**WHAT YOU WILL DO**
For each line below, check for the word "proof", then state how many lines contain it, with no other output.

--- EXTRACTED MATERIAL ---

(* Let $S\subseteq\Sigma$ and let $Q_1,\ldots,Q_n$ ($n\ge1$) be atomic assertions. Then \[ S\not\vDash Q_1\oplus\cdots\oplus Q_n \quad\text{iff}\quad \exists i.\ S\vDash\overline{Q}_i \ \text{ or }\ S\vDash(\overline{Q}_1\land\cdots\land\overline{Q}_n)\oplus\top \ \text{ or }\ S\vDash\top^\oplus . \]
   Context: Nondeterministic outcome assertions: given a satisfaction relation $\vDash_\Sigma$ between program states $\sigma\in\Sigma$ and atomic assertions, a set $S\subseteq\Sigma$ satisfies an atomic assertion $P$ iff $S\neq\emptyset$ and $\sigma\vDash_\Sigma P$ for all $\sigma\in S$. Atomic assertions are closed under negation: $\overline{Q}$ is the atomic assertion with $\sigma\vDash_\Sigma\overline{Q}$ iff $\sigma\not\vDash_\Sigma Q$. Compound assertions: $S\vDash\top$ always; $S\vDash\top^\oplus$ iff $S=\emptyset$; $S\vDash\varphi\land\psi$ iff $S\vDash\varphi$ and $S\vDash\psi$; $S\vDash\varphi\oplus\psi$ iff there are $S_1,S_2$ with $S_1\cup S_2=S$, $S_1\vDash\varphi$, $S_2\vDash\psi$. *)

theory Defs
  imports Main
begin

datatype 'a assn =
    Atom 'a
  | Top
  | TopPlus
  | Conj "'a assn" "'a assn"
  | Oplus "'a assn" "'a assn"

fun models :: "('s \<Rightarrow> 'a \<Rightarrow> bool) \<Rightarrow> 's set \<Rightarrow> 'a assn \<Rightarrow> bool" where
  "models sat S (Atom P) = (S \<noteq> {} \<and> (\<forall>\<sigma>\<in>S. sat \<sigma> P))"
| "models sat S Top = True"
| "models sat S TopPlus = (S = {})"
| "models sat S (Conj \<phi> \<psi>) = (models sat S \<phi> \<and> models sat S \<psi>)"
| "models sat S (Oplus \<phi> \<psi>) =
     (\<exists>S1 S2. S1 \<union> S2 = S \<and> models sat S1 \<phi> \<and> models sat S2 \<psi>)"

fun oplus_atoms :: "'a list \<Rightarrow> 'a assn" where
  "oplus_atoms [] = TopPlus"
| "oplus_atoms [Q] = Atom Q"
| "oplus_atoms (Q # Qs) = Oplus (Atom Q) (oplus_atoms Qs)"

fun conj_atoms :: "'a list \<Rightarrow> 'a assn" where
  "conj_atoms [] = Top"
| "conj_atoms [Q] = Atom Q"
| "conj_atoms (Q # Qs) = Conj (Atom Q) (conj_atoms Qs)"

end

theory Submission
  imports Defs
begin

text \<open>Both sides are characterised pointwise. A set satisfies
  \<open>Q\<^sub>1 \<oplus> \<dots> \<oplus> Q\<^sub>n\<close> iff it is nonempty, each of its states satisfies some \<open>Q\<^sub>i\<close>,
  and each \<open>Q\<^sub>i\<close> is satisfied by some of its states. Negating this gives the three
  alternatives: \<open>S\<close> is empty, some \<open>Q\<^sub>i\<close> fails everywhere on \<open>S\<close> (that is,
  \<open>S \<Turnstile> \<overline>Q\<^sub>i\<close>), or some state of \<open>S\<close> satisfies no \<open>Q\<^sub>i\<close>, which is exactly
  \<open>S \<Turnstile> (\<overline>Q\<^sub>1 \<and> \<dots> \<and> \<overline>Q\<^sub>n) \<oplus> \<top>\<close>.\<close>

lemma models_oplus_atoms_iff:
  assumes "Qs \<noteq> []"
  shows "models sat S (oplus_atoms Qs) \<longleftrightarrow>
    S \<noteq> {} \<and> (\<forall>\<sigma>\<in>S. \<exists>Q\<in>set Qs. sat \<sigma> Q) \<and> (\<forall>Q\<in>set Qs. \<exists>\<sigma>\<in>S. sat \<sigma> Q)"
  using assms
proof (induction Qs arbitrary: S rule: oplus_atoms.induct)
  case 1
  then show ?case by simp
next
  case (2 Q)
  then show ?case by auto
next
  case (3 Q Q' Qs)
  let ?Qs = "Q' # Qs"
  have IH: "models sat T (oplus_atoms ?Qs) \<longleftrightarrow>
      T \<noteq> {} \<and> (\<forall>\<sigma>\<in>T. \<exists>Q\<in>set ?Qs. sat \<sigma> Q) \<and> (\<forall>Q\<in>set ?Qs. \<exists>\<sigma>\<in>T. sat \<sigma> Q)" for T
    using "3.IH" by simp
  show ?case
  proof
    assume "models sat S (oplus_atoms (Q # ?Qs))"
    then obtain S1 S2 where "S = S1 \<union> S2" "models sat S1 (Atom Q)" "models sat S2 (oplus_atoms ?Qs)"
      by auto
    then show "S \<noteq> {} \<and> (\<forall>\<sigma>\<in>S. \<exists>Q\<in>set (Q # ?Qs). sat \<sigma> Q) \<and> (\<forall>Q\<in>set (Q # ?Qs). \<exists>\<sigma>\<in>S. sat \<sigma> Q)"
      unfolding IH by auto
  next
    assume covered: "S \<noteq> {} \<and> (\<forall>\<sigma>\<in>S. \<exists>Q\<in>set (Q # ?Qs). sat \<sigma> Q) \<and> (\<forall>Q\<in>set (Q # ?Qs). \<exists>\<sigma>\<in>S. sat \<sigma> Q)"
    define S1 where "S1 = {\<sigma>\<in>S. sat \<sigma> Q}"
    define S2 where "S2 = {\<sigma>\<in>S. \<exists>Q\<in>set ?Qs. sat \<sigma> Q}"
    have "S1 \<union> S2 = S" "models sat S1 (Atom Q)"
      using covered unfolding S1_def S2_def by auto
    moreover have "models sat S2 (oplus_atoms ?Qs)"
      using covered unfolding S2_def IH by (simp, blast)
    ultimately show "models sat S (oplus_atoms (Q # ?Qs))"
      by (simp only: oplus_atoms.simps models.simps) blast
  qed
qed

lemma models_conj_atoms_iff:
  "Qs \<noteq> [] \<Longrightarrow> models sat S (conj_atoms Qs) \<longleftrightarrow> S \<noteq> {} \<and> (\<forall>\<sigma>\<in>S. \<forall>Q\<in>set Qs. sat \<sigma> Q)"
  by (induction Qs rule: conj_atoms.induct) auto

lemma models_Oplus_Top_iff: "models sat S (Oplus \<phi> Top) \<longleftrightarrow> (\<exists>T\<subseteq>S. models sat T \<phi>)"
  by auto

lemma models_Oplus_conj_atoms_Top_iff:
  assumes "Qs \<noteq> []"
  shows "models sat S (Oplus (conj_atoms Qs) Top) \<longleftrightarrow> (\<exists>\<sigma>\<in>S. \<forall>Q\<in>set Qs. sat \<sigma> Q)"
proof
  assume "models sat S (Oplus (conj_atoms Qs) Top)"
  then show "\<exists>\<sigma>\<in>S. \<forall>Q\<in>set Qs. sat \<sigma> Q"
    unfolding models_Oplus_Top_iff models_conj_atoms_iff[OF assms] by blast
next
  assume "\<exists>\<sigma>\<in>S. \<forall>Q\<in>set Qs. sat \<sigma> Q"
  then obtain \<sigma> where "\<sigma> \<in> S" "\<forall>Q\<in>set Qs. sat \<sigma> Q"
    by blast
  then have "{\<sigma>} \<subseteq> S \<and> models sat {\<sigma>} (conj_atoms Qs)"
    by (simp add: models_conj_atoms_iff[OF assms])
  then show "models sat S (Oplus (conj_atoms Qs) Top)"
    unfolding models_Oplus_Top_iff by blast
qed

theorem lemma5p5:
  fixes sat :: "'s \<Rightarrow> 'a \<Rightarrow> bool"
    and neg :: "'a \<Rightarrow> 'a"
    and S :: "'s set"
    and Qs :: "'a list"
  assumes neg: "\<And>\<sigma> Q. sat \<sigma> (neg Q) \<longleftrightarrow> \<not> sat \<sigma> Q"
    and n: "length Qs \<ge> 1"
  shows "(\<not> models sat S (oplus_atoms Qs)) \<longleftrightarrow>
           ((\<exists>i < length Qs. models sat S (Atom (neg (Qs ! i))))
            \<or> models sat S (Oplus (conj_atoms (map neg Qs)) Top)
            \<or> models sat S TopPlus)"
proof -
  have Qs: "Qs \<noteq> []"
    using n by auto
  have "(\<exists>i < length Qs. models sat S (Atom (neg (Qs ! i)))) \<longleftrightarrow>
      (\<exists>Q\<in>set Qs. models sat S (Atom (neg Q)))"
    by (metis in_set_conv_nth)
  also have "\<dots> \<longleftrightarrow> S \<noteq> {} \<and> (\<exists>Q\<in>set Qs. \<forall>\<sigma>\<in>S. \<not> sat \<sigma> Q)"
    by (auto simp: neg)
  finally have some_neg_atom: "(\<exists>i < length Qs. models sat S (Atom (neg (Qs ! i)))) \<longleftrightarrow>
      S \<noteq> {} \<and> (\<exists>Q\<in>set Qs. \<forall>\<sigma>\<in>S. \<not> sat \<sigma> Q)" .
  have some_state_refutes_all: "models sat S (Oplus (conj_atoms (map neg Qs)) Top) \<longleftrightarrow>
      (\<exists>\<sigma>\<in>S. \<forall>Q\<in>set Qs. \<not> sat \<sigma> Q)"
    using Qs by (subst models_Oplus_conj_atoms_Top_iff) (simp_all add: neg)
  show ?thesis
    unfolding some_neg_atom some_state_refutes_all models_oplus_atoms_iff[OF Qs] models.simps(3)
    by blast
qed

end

---
--- EXTRACTED MATERIAL ---

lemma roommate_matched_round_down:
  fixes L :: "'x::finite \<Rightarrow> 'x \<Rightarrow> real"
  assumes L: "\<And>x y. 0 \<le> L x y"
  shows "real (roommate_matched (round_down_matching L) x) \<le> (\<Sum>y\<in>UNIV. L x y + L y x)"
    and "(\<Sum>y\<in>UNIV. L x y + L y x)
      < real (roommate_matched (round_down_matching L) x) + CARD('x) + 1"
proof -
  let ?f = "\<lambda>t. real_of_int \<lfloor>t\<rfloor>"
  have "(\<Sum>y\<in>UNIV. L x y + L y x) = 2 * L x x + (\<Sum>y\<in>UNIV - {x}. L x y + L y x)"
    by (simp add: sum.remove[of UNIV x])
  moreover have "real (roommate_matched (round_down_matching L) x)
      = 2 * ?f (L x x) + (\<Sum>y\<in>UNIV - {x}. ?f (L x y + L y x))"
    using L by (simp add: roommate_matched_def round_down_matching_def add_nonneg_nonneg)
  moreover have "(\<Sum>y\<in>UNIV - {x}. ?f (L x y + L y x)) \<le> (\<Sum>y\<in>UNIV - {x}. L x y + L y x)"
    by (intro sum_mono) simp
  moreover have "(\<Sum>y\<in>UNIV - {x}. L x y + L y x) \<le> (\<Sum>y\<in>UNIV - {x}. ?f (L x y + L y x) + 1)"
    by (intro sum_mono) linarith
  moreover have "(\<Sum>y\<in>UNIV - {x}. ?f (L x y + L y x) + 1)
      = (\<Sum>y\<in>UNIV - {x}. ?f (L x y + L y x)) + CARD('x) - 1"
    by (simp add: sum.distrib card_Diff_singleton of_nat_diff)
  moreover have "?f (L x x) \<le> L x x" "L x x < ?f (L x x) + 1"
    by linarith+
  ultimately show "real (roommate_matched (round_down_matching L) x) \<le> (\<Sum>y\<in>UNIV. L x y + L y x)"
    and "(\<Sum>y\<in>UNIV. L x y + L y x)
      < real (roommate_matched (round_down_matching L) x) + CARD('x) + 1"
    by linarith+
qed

---

**TASK SOLUTION**
5